How To Achieve Improved Results With The Chopart Amputation

By Gordon Zernich, CP, Tomas Dowell, CPO/LPO, Gary M. Rothenberg, DPM, FACFAS, and Michael M. Cohen, DPM, FACFAS

Keys To Addressing Post-Op Complications

The difficulties with the longevity of a fully successful, rather than acceptable, outcome of the surgical procedure itself include the progressive development of equinovarus. We have seen that development despite the lengthening of the Achilles and routing the anterior tibial tendon through the talar neck. In an effort to counterbalance the varus pull of the transferred anterior tibial tendon, the podiatry department of the Miami Veterans Affairs Medical Center (VAMC) instructs its providers to transfer the peroneal tendons to the lateral wall of the calcaneus instead of just “letting them fly.”    When the patient presents at the amputee clinic, the talus and calcaneus remain after the Chopart amputation.

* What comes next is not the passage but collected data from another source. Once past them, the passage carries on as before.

text \<open>The reweighting of step (2) is what keeps the Laplacian term of step (3) bounded. Only \<open>k > 0\<close>
  is covered: \<open>G 0 = M\<close> need not be feasible, and then \<open>dl 1\<close> may even be negative.\<close>

lemma reweighted_laplacian_bounds:
  assumes "0 < k"
  shows "0 \<le> lam * (\<Sum>i<m. dl (Suc k) i * trLap (A (Suc k)) (lat_slice n (G (Suc k)) i))"
    and "lam * (\<Sum>i<m. dl (Suc k) i * trLap (A (Suc k)) (lat_slice n (G k) i))
      \<le> real m * (real n * sqrt (lam * (2 * real n * real d)))"
proof -
  have feas: "graph_feasible n m (G k)" "graph_feasible n m (G (Suc k))"
    using assms step3_feas by (metis Suc_pred)+
  have A: "A (Suc k) \<in> carrier_mat d n" "A (Suc k) * transpose_mat (A (Suc k)) = 1\<^sub>m d"
    using step1_A by auto
  define N where "N i = real (card {j. j < n \<and> pres i j})" for i
  define F where "F i = fro2 ((A (Suc k) - transpose_mat (W (Suc k) i) * X i) * P i)" for i
  define t where "t i = trLap (A (Suc k)) (lat_slice n (G k) i)" for i
  have dl: "dl (Suc k) i = N i / sqrt (F i + lam * t i)" if "i < m" for i
    using step2[OF that] unfolding fview_def N_def F_def t_def .
  have N: "0 \<le> N i" "N i \<le> real n" for i
    unfolding N_def using card_mono[of "{..<n}" "{j. j < n \<and> pres i j}"] by auto
  have F: "0 \<le> F i" for i unfolding F_def by (rule fro2_nonneg)
  have t: "0 \<le> t i" "t i \<le> 2 * real n * real d" if "i < m" for i
    unfolding t_def using trLap_lat_slice_nonneg[OF feas(1) that A(1)]
      trLap_lat_slice_le[OF feas(1) that A] by auto
  have "0 \<le> dl (Suc k) i" if "i < m" for i
    using dl[OF that] N F t[OF that] params(1) by simp
  then show "0 \<le> lam * (\<Sum>i<m. dl (Suc k) i * trLap (A (Suc k)) (lat_slice n (G (Suc k)) i))"
    using params(1) trLap_lat_slice_nonneg[OF feas(2) _ A(1)]
    by (intro mult_nonneg_nonneg sum_nonneg) auto
  have "(\<Sum>i<m. lam * (dl (Suc k) i * t i)) \<le> (\<Sum>i<m. real n * sqrt (lam * (2 * real n * real d)))"
  proof (rule sum_mono)
    fix i assume "i \<in> {..<m}"
    then have i: "i < m" by simp
    show "lam * (dl (Suc k) i * t i) \<le> real n * sqrt (lam * (2 * real n * real d))"
      unfolding dl[OF i] by (rule reweighted_term_le[OF params(1) F t[OF i] N])
  qed
  then show "lam * (\<Sum>i<m. dl (Suc k) i * trLap (A (Suc k)) (lat_slice n (G k) i))
      \<le> real m * (real n * sqrt (lam * (2 * real n * real d)))"
    unfolding t_def by (simp add: sum_distrib_left)
qed

text \<open>Step (3) is a proximal step centred at \<open>Y k - C k / rho k\<close>.\<close>

definition prox_center :: "nat \<Rightarrow> tensor" where
  "prox_center k = (\<lambda>a b c. Y k a b c - C k a b c / rho k)"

The talus receives lateral and medial support from the fibula and tibia bones of the lower leg respectively, and allows dorsiflexion and plantarflexion movement as an ideal outcome. The subtalar joint joins the talus with the calcaneus permitting, ideally, medial and lateral movement of the lower leg over the heel and inversion and eversion moments of the residual foot. In short, the remaining hindfoot affords the amputee multiaxial movement and moments when it is fitted and aligned with a prosthetic, orthotic or hybrid “prosthosis” best suited to the need. That multiaxial movement is what separates the more sophisticated and costly prosthetic feet from those that are more suitable for lower activity level, below or above the knee amputees.